● What you have to do
Check every line below for the word "evenperm" and copy the ones that have it.

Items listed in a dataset
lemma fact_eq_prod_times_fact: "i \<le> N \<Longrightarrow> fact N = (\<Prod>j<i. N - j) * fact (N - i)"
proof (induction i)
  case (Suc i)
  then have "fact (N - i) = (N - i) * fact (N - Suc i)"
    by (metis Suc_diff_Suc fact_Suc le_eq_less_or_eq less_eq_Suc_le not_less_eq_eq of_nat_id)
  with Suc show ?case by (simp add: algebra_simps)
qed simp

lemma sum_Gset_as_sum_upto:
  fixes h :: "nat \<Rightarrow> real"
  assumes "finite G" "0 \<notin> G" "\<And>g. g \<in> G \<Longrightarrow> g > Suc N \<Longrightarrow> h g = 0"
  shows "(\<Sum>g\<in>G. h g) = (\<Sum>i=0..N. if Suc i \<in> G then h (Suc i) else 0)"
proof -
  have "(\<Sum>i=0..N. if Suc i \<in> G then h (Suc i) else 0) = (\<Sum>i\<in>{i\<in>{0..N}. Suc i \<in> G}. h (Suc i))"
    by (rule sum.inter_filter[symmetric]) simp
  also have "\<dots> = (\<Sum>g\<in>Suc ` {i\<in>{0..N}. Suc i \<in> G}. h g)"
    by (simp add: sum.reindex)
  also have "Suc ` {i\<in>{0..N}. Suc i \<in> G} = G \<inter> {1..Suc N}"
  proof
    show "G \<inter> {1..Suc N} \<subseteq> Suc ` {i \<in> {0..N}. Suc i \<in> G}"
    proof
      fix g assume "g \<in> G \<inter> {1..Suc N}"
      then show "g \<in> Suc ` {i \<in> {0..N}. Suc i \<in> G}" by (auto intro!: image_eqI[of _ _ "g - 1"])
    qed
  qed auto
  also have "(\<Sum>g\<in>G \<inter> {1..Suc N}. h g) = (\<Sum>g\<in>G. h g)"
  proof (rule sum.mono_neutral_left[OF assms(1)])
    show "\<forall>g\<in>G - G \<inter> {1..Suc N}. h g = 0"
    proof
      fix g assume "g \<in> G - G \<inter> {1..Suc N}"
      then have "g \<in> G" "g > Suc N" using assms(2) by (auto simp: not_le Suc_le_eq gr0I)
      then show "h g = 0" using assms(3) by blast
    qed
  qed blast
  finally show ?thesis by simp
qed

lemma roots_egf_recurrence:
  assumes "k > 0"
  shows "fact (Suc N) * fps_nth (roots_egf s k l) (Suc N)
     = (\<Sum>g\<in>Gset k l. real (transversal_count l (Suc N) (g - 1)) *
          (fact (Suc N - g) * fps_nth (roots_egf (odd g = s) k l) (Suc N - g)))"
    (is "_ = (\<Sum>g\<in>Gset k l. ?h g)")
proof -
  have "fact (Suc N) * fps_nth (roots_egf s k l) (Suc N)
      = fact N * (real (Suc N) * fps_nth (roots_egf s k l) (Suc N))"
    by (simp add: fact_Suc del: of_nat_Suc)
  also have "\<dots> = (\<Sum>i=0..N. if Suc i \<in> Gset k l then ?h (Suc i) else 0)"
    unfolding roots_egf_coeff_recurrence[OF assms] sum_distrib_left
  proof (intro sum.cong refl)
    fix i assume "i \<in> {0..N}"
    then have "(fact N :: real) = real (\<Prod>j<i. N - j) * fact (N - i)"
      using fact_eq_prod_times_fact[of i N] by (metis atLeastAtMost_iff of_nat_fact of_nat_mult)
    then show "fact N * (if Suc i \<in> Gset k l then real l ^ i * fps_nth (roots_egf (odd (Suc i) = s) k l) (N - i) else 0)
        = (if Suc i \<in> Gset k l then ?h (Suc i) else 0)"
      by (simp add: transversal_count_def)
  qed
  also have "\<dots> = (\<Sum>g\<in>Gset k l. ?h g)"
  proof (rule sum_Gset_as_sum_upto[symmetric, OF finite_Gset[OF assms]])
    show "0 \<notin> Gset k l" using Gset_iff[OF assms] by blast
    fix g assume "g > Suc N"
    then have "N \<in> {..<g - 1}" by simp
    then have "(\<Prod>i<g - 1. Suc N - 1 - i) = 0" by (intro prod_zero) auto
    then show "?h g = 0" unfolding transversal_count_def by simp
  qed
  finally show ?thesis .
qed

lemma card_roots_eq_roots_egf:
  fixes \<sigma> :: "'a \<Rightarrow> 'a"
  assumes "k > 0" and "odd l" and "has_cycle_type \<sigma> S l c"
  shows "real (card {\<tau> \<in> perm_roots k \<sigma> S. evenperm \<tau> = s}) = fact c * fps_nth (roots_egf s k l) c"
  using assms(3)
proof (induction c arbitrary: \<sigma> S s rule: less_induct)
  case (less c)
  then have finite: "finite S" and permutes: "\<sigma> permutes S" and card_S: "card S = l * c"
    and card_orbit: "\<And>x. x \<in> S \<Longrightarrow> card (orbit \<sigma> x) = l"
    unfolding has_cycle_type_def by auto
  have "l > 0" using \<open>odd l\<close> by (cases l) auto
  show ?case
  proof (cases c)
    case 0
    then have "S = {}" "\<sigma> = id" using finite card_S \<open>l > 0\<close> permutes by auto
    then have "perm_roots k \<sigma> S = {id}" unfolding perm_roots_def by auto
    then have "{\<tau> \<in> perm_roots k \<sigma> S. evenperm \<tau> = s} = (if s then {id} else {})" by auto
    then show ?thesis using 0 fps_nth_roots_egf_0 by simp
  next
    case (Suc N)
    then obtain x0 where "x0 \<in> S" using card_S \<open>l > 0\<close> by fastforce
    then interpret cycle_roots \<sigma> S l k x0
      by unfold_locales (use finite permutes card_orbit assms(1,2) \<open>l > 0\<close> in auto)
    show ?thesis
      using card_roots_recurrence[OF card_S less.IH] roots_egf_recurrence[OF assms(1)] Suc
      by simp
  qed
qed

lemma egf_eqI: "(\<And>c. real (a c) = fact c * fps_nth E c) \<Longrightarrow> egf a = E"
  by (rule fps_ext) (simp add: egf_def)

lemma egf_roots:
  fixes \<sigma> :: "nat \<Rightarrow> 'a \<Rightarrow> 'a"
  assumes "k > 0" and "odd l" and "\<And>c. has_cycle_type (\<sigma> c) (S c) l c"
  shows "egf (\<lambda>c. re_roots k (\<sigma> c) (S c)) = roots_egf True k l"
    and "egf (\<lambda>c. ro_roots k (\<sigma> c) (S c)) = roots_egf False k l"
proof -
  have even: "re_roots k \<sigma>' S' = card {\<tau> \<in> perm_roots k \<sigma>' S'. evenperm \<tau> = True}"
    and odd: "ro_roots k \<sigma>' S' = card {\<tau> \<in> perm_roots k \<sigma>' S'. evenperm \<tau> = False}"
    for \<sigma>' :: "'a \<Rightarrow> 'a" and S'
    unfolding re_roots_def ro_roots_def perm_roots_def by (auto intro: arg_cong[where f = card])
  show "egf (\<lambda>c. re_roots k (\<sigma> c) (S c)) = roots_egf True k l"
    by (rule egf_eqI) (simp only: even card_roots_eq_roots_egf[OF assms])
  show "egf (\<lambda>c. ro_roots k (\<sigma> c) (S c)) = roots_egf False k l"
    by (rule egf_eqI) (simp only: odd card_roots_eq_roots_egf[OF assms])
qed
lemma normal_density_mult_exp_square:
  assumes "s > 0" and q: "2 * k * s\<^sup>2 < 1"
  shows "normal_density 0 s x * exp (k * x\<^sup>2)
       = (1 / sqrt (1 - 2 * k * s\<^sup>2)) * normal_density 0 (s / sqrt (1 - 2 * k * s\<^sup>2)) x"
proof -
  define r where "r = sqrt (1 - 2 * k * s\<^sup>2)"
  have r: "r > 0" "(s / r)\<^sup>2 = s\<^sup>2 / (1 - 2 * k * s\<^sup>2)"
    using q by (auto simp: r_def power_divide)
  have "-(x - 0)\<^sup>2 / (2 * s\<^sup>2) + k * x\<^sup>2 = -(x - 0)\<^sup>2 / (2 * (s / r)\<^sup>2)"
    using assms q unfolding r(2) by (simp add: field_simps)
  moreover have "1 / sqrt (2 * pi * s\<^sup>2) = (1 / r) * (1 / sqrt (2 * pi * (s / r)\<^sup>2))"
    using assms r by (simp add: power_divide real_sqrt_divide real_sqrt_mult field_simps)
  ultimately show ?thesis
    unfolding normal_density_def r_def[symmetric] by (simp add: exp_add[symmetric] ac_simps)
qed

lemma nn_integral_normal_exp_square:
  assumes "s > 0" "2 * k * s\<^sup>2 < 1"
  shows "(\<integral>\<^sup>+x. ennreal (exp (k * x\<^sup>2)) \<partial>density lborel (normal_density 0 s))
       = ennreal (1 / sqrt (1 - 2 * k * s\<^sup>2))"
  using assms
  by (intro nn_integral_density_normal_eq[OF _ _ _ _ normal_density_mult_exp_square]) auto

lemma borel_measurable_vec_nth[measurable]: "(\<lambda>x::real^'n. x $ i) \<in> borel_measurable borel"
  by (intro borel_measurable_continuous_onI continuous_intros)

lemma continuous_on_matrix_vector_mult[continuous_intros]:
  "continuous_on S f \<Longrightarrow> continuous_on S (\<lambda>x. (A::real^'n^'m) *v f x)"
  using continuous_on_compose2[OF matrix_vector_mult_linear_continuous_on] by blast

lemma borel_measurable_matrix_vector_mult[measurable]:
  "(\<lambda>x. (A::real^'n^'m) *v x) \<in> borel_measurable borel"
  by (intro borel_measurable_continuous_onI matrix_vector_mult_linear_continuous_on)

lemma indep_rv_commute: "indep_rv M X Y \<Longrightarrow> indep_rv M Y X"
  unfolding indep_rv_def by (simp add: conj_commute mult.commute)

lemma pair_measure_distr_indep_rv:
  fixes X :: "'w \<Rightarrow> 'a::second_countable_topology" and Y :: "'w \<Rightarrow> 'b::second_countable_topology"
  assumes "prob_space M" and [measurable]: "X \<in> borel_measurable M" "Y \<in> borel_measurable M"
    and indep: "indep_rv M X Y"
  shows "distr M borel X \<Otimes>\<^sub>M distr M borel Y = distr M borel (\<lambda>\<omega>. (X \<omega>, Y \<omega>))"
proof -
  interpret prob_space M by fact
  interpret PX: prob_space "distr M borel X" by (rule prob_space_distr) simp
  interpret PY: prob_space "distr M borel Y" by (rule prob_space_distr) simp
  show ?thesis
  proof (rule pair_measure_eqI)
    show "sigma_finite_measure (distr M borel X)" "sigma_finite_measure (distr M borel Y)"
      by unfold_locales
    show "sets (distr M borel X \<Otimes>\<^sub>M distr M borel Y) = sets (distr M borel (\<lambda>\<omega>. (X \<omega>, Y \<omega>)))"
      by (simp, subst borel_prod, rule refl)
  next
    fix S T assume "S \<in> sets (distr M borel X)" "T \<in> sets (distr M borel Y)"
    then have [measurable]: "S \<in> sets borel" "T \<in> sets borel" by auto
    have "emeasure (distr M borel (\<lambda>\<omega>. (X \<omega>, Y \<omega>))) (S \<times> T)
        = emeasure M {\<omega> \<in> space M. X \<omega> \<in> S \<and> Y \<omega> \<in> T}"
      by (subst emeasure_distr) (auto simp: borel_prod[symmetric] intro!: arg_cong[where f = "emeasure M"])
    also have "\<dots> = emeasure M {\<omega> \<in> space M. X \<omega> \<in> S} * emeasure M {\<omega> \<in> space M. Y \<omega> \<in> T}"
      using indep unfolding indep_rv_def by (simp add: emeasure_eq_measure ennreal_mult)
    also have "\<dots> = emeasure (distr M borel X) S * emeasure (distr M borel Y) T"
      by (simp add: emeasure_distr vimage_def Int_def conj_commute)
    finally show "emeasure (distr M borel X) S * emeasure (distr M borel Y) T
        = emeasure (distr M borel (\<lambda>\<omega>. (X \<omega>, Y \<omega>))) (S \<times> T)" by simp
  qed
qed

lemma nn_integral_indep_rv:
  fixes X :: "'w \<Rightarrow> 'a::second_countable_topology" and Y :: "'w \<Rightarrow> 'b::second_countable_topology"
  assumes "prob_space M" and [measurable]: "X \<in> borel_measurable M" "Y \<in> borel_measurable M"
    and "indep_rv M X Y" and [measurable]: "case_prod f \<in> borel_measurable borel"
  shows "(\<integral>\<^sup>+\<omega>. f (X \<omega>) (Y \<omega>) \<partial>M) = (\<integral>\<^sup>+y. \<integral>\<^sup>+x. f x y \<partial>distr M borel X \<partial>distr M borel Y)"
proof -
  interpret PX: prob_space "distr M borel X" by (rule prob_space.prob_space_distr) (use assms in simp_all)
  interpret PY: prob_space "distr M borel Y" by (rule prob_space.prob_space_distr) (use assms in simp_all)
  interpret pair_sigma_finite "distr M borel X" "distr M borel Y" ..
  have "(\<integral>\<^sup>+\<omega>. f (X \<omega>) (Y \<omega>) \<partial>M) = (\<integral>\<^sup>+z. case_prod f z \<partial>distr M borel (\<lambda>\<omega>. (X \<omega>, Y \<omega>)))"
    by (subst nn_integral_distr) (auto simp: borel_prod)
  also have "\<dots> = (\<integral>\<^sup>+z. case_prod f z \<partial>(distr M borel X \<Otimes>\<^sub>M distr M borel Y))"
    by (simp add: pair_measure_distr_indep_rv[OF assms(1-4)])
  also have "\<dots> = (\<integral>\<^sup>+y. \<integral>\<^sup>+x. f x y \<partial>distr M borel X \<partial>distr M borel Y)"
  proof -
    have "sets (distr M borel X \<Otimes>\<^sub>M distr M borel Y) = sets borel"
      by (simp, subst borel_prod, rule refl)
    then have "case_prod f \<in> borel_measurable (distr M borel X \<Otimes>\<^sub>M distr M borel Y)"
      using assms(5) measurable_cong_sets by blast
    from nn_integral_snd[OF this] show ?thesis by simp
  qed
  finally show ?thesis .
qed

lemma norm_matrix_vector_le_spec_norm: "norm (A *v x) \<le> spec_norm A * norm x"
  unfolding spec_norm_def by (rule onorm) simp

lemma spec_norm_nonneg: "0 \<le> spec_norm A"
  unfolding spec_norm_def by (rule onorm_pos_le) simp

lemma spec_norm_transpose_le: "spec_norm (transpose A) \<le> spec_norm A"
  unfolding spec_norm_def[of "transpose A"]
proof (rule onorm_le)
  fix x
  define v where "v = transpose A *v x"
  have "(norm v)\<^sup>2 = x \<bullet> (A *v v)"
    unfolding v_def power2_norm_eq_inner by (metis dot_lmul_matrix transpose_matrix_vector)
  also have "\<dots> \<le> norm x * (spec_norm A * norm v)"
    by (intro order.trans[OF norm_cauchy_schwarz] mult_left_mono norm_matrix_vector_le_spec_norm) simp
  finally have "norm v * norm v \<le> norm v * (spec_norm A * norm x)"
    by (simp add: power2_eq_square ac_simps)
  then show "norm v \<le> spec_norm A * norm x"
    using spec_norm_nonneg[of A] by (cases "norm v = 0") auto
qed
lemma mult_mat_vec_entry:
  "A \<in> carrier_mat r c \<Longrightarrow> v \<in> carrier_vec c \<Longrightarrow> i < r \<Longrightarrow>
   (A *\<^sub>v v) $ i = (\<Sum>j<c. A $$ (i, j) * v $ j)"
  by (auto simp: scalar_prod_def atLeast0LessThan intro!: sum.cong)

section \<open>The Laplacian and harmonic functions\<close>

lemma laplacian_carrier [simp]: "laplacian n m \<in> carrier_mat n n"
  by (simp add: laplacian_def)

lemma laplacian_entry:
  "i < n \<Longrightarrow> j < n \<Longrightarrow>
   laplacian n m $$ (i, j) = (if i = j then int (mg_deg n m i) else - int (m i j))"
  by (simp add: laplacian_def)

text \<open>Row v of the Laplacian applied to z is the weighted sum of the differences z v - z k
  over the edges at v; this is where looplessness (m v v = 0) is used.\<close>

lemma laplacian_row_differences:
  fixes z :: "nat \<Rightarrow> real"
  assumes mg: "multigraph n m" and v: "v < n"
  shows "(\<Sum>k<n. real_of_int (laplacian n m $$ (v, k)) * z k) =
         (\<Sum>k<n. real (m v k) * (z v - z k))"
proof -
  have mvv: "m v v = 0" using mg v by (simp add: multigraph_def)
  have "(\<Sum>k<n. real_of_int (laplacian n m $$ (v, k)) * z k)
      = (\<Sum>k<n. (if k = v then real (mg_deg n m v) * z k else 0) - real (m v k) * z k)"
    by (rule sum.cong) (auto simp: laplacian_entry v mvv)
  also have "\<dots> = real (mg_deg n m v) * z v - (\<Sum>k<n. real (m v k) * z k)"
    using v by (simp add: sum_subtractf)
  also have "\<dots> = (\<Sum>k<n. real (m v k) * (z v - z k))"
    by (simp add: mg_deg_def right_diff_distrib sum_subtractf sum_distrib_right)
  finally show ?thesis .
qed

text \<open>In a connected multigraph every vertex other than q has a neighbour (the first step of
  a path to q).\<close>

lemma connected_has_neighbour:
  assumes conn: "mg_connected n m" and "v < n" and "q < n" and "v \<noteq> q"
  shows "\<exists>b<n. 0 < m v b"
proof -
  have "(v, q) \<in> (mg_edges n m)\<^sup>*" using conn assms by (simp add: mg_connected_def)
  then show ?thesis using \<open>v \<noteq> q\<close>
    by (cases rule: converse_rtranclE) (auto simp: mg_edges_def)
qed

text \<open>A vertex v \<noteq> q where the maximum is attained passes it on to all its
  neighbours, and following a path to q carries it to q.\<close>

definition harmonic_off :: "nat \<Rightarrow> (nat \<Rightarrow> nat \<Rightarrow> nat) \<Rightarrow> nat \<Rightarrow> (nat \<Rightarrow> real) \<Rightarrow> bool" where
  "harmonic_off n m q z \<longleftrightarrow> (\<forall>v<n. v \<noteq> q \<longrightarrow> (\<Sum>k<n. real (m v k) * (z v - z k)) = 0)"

● Response to the task
  shows "real (card {\<tau> \<in> perm_roots k \<sigma> S. evenperm \<tau> = s}) = fact c * fps_nth (roots_egf s k l) c"
    then have "{\<tau> \<in> perm_roots k \<sigma> S. evenperm \<tau> = s} = (if s then {id} else {})" by auto
  have even: "re_roots k \<sigma>' S' = card {\<tau> \<in> perm_roots k \<sigma>' S'. evenperm \<tau> = True}"
    and odd: "ro_roots k \<sigma>' S' = card {\<tau> \<in> perm_roots k \<sigma>' S'. evenperm \<tau> = False}"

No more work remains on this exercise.